IEEE Trans Pattern Anal Mach Intell. 2017 Jun;39(6):1089-1102. doi: 10.1109/TPAMI.2016.2567386. Epub 2016 May 12.
Cross-domain visual data matching is one of the fundamental problems in many real-world vision tasks, e.g., matching persons across ID photos and surveillance videos. Conventional approaches to this problem usually involves two steps: i) projecting samples from different domains into a common space, and ii) computing (dis-)similarity in this space based on a certain distance. In this paper, we present a novel pairwise similarity measure that advances existing models by i) expanding traditional linear projections into affine transformations and ii) fusing affine Mahalanobis distance and Cosine similarity by a data-driven combination. Moreover, we unify our similarity measure with feature representation learning via deep convolutional neural networks. Specifically, we incorporate the similarity measure matrix into the deep architecture, enabling an end-to-end way of model optimization. We extensively evaluate our generalized similarity model in several challenging cross-domain matching tasks: person re-identification under different views and face verification over different modalities (i.e., faces from still images and videos, older and younger faces, and sketch and photo portraits). The experimental results demonstrate superior performance of our model over other state-of-the-art methods.

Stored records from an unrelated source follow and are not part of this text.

(* Let $f:\mathbb{R}^n\to\mathbb{R}$ be differentiable with $L_f$-Lipschitz continuous gradient, let $g:\mathbb{R}^n\to\mathbb{R}\cup\{+\infty\}$ be proper, lower semicontinuous and $\gamma_g$-prox-bounded, assume $\operatorname{argmin}\varphi\neq\emptyset$ where $\varphi=f+g$, and let $x^\star$ be a critical point. Suppose $\nabla^2 f$ exists and is continuous around $x^\star$, and that $g$ is prox-regular at $x^\star$ for $-\nabla f(x^\star)$ and twice epi-differentiable at $x^\star$ for $-\nabla f(x^\star)$ with generalized quadratic second-order epi-derivative. Then for $\gamma>0$ sufficiently small, $$\big(\forall s\in\mathbb{R}^n:\ \mathrm d^2\varphi(x^\star,0)(s)\ge0\big)\iff\big(\forall s\in\mathbb{R}^n:\ \langle\nabla^2\varphi_\gamma(x^\star)s,s\rangle\ge0\big).$$ Consequently, $x^\star$ is a second-order stationary point of $\varphi$ if and only if it is a second-order stationary point of $\varphi_\gamma$.
   Context: $\gamma_g$-prox-bounded: $g+\frac1{2\gamma}\|\cdot\|^2$ bounded below for each $\gamma\in(0,\gamma_g)$. $\operatorname{prox}_{\gamma g}(x)=\operatorname{argmin}_z\{g(z)+\frac1{2\gamma}\|z-x\|^2\}$; $x^\star$ is critical if $x^\star\in\operatorname{prox}_{\gamma g}(x^\star-\gamma\nabla f(x^\star))$ for some $\gamma\in(0,\gamma_g)$. Forward-backward envelope: $\varphi_\gamma(x)=\inf_u\{f(x)+\langle\nabla f(x),u-x\rangle+g(u)+\frac1{2\gamma}\|u-x\|^2\}$; under the hypotheses, $\varphi_\gamma$ is twice differentiable at $x^\star$ for small $\gamma$, and $\nabla^2\varphi_\gamma(x^\star)$ is its Hessian. Prox-regularity of $g$ at $\bar x$ for $\bar v\in\partial g(\bar x)$: there exist $r\ge0,\epsilon>0$ with $g(x')\ge g(x)+\langle v,x'-x\rangle-\frac r2\|x'-x\|^2$ for all $x'\in\mathcal B(\bar x;\epsilon)$ and all $(x,v)\in\operatorname{gph}\partial g$ with $\|x-\bar x\|<\epsilon$, $\|v-\bar v\|<\epsilon$, $g(x)\le g(\bar x)+\epsilon$. Twice epi-differentiability is in the sense of Rockafellar–Wets (Def. 13.6); the second-order epi-derivative is generalized quadratic if it has the form $s\mapsto\langle s,Ms\rangle+\delta_S(s)$ for a subspace $S$ and matrix $M$. $\mathrm d^2\varphi(\bar x,v)(w)$ is the second subderivative (Rockafellar–Wets Def. 13.3). A point $x^\star\in\operatorname{dom}\psi$ is a second-order stationary point of $\psi$ if $0\in\partial\psi(x^\star)$ and $\mathrm d^2\psi(x^\star,0)(d)\ge0$ for all $d$ (for $C^2$ $\psi$: $\nabla\psi(x^\star)=0$, $\nabla^2\psi(x^\star)\succeq0$). *)

theory Defs
  imports "HOL-Analysis.Analysis"
begin

definition proper_fun :: "('a \<Rightarrow> ereal) \<Rightarrow> bool" where
  "proper_fun g \<longleftrightarrow> (\<forall>x. g x \<noteq> -\<infinity>) \<and> (\<exists>x. g x < \<infinity>)"

definition lsc_fun :: "('a::topological_space \<Rightarrow> ereal) \<Rightarrow> bool" where
  "lsc_fun g \<longleftrightarrow> (\<forall>x. g x \<le> Liminf (at x) g)"

definition prox_bounded :: "('a::real_normed_vector \<Rightarrow> ereal) \<Rightarrow> ereal \<Rightarrow> bool" where
  "prox_bounded g \<gamma>g \<longleftrightarrow>
     (\<forall>\<gamma>::real. 0 < \<gamma> \<and> ereal \<gamma> < \<gamma>g \<longrightarrow>
        (\<exists>c::real. \<forall>x. ereal c \<le> g x + ereal (norm x ^ 2 / (2 * \<gamma>))))"

definition prox :: "real \<Rightarrow> ('a::real_normed_vector \<Rightarrow> ereal) \<Rightarrow> 'a \<Rightarrow> 'a set" where
  "prox \<gamma> g x = {z. \<forall>w. g z + ereal (norm (z - x) ^ 2 / (2 * \<gamma>))
                         \<le> g w + ereal (norm (w - x) ^ 2 / (2 * \<gamma>))}"

definition critical_point ::
  "('a::real_normed_vector \<Rightarrow> 'a) \<Rightarrow> ('a \<Rightarrow> ereal) \<Rightarrow> ereal \<Rightarrow> 'a \<Rightarrow> bool" where
  "critical_point f' g \<gamma>g x \<longleftrightarrow>
     (\<exists>\<gamma>::real. 0 < \<gamma> \<and> ereal \<gamma> < \<gamma>g \<and> x \<in> prox \<gamma> g (x - \<gamma> *\<^sub>R f' x))"

definition fbe :: "('a::real_inner \<Rightarrow> real) \<Rightarrow> ('a \<Rightarrow> 'a) \<Rightarrow> ('a \<Rightarrow> ereal) \<Rightarrow> real \<Rightarrow> 'a \<Rightarrow> ereal" where
  "fbe f f' g \<gamma> x = (INF u. ereal (f x + f' x \<bullet> (u - x)) + g u
                              + ereal (norm (u - x) ^ 2 / (2 * \<gamma>)))"

text \<open>Regular (Frechet) subgradients and limiting subgradients (Rockafellar--Wets 8.3).\<close>
definition frechet_subdiff :: "('a::real_inner \<Rightarrow> ereal) \<Rightarrow> 'a \<Rightarrow> 'a set" where
  "frechet_subdiff g x = {v. \<bar>g x\<bar> \<noteq> \<infinity> \<and>
     (\<forall>e>0. \<exists>d>0. \<forall>y. norm (y - x) < d \<longrightarrow>
        g x + ereal (v \<bullet> (y - x) - e * norm (y - x)) \<le> g y)}"

definition limiting_subdiff :: "('a::real_inner \<Rightarrow> ereal) \<Rightarrow> 'a \<Rightarrow> 'a set" where
  "limiting_subdiff g x = {v. \<bar>g x\<bar> \<noteq> \<infinity> \<and>
     (\<exists>X V. X \<longlonglongrightarrow> x \<and> (\<lambda>k. g (X k)) \<longlonglongrightarrow> g x \<and> V \<longlonglongrightarrow> v \<and>
            (\<forall>k. V k \<in> frechet_subdiff g (X k)))}"

text \<open>Prox-regularity of g at xb for vb (Rockafellar--Wets 13.27).\<close>
definition prox_regular_at :: "('a::real_inner \<Rightarrow> ereal) \<Rightarrow> 'a \<Rightarrow> 'a \<Rightarrow> bool" where
  "prox_regular_at g xb vb \<longleftrightarrow> \<bar>g xb\<bar> \<noteq> \<infinity> \<and> vb \<in> limiting_subdiff g xb \<and>
     (\<exists>r\<ge>0. \<exists>\<epsilon>>0. \<forall>x' \<in> cball xb \<epsilon>. \<forall>x v.
        v \<in> limiting_subdiff g x \<and> norm (x - xb) < \<epsilon> \<and> norm (v - vb) < \<epsilon> \<and> g x \<le> g xb + ereal \<epsilon>
        \<longrightarrow> g x + ereal (v \<bullet> (x' - x) - r / 2 * norm (x' - x) ^ 2) \<le> g x')"

text \<open>Second-order difference quotient (Rockafellar--Wets 13(3)).\<close>
definition second_diff_quot :: "('a::real_inner \<Rightarrow> ereal) \<Rightarrow> 'a \<Rightarrow> 'a \<Rightarrow> real \<Rightarrow> 'a \<Rightarrow> ereal" where
  "second_diff_quot g x v \<tau> w =
     (g (x + \<tau> *\<^sub>R w) - g x - ereal (\<tau> * (v \<bullet> w))) * ereal (2 / \<tau>\<^sup>2)"

text \<open>Second subderivative (Rockafellar--Wets Def. 13.3).\<close>
definition second_subderiv :: "('a::real_inner \<Rightarrow> ereal) \<Rightarrow> 'a \<Rightarrow> 'a \<Rightarrow> 'a \<Rightarrow> ereal" where
  "second_subderiv g x v w =
     Liminf (at_right 0 \<times>\<^sub>F nhds w) (\<lambda>(\<tau>, w'). second_diff_quot g x v \<tau> w')"

text \<open>Sequential epi-convergence of F k to h (Rockafellar--Wets Prop. 7.2).\<close>
definition epi_converges :: "(nat \<Rightarrow> 'a::topological_space \<Rightarrow> ereal) \<Rightarrow> ('a \<Rightarrow> ereal) \<Rightarrow> bool" where
  "epi_converges F h \<longleftrightarrow> (\<forall>w.
     (\<forall>W. W \<longlonglongrightarrow> w \<longrightarrow> h w \<le> liminf (\<lambda>k. F k (W k))) \<and>
     (\<exists>W. W \<longlonglongrightarrow> w \<and> limsup (\<lambda>k. F k (W k)) \<le> h w))"

text \<open>Twice epi-differentiability (Rockafellar--Wets Def. 13.6): the quotients
  epi-converge, as tau decreases to 0, to a proper function (necessarily the
  second subderivative).\<close>
definition twice_epi_differentiable :: "('a::real_inner \<Rightarrow> ereal) \<Rightarrow> 'a \<Rightarrow> 'a \<Rightarrow> bool" where
  "twice_epi_differentiable g x v \<longleftrightarrow> \<bar>g x\<bar> \<noteq> \<infinity> \<and>
     (\<exists>h. proper_fun h \<and>
        (\<forall>\<tau>::nat \<Rightarrow> real. (\<forall>k. 0 < \<tau> k) \<and> \<tau> \<longlonglongrightarrow> 0 \<longrightarrow>
           epi_converges (\<lambda>k. second_diff_quot g x v (\<tau> k)) h))"

definition generalized_quadratic :: "('a::real_inner \<Rightarrow> ereal) \<Rightarrow> bool" where
  "generalized_quadratic h \<longleftrightarrow>
     (\<exists>S M. subspace S \<and> linear M \<and>
        (\<forall>s. h s = (if s \<in> S then ereal (s \<bullet> M s) else \<infinity>)))"

definition twice_diff_at :: "('a::real_inner \<Rightarrow> ereal) \<Rightarrow> 'a \<Rightarrow> ('a \<Rightarrow> 'a) \<Rightarrow> bool" where
  "twice_diff_at \<psi> x H \<longleftrightarrow>
     (\<exists>e>0. \<exists>G. (\<forall>y\<in>ball x e. \<bar>\<psi> y\<bar> \<noteq> \<infinity> \<and>
                   GDERIV (\<lambda>z. real_of_ereal (\<psi> z)) y :> G y) \<and>
               (G has_derivative H) (at x))"

definition second_order_stationary :: "('a::real_inner \<Rightarrow> ereal) \<Rightarrow> 'a \<Rightarrow> bool" where
  "second_order_stationary \<psi> x \<longleftrightarrow> \<bar>\<psi> x\<bar> \<noteq> \<infinity> \<and>
     0 \<in> limiting_subdiff \<psi> x \<and> (\<forall>d. second_subderiv \<psi> x 0 d \<ge> 0)"

end

theory Submission
  imports Defs
begin

(*
  Near the critical point x0 the proximal map P of g with step gamma is calm at
  y0 = x0 - gamma grad f(x0) and, by prox-regularity, Lipschitz around y0, so the Moreau
  envelope of g is C^1 there with gradient (y - P y) / gamma.  Since the second-order
  epi-derivative d of g is generalized quadratic, rescaled proximal points converge to the unique
  minimizer of d(w) + |w - u|^2 / gamma, which is linear in u: P is differentiable at y0.  Hence
  the forward-backward envelope f - gamma/2 |grad f|^2 + (Moreau envelope)(x - gamma grad f(x))
  is twice differentiable at x0.  Finally phi(T x) <= phi_gamma(x) <= phi(x), with equality at x0,
  where T is the (calm) forward-backward step: the second-order difference quotients of phi_gamma
  bound those of phi from below, and from above along rescaled forward-backward steps, so the two
  second-order conditions coincide.
*)

section \<open>Filters, sequences and semicontinuity\<close>

lemma Liminf_le_liminf_comp:
  assumes "filterlim X F sequentially"
  shows "Liminf F f \<le> liminf (\<lambda>k. f (X k))"
proof (rule Liminf_least)
  fix P assume "eventually P F"
  then have "eventually (\<lambda>k. P (X k)) sequentially"
    using assms by (simp add: filterlim_iff)
  then have "eventually (\<lambda>k. (INF x\<in>Collect P. f x) \<le> f (X k)) sequentially"
    by (rule eventually_mono) (auto intro: INF_lower)
  then show "(INF x\<in>Collect P. f x) \<le> liminf (\<lambda>k. f (X k))"
    by (rule Liminf_bounded)
qed

lemma not_eventually_sequentially_subseq:
  assumes "\<not> eventually P sequentially"
  shows "\<exists>r::nat \<Rightarrow> nat. strict_mono r \<and> (\<forall>n. \<not> P (r n))"
proof -
  have "infinite {n. \<not> P n}"
    using assms by (simp add: cofinite_eq_sequentially[symmetric] eventually_cofinite)
  from infinite_enumerate[OF this] show ?thesis
    by blast
qed

lemma LIMSEQ_by_subsequences:
  fixes X :: "nat \<Rightarrow> 'b::metric_space"
  assumes "\<And>r::nat \<Rightarrow> nat. strict_mono r \<Longrightarrow> \<exists>s::nat \<Rightarrow> nat. strict_mono s \<and> (\<lambda>n. X (r (s n))) \<longlonglongrightarrow> l"
  shows "X \<longlonglongrightarrow> l"
proof (rule ccontr)
  assume "\<not> X \<longlonglongrightarrow> l"
  then obtain e where e: "e > 0" "\<not> eventually (\<lambda>n. dist (X n) l < e) sequentially"
    unfolding tendsto_iff by auto
  obtain r :: "nat \<Rightarrow> nat" where r: "strict_mono r" "\<And>n. \<not> dist (X (r n)) l < e"
    using not_eventually_sequentially_subseq[OF e(2)] by blast
  from assms[OF r(1)] obtain s where "(\<lambda>n. X (r (s n))) \<longlonglongrightarrow> l"
    by blast
  then have "eventually (\<lambda>n. dist (X (r (s n))) l < e) sequentially"
    using e(1) unfolding tendsto_iff by blast
  with r(2) show False
    by (simp add: eventually_False_sequentially)
qed

lemma filterlim_at_right_prod_nhds_seq:
  assumes "\<And>k. 0 < \<tau> k" "\<tau> \<longlonglongrightarrow> (0::real)" "w \<longlonglongrightarrow> u"
  shows "filterlim (\<lambda>k. (\<tau> k, w k)) (at_right 0 \<times>\<^sub>F nhds u) sequentially"
  by (rule filterlim_Pair) (auto intro!: tendsto_imp_filterlim_at_right assms always_eventually)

跨领域视觉数据匹配是许多现实世界视觉任务中的基本问题之一,例如在 ID 照片和监控视频中匹配人员。该问题的传统方法通常涉及两个步骤:i)将不同领域的样本投影到公共空间中,ii)基于某种距离在该空间中计算(不)相似性。在本文中,我们提出了一种新颖的成对相似性度量标准,通过 i)将传统线性投影扩展为仿射变换,ii)通过数据驱动的组合融合仿射 Mahalanobis 距离和余弦相似度,从而改进了现有模型。此外,我们通过深度卷积神经网络将相似性度量标准与特征表示学习统一起来。具体来说,我们将相似性度量矩阵纳入深度架构中,实现了模型优化的端到端方式。我们在几个具有挑战性的跨领域匹配任务中广泛评估了我们的广义相似性模型:不同视角下的人员重新识别和不同模态下的人脸验证(即来自静态图像和视频的人脸、年长和年轻的人脸、草图和照片肖像)。实验结果表明,我们的模型在其他最先进的方法上表现出优越的性能。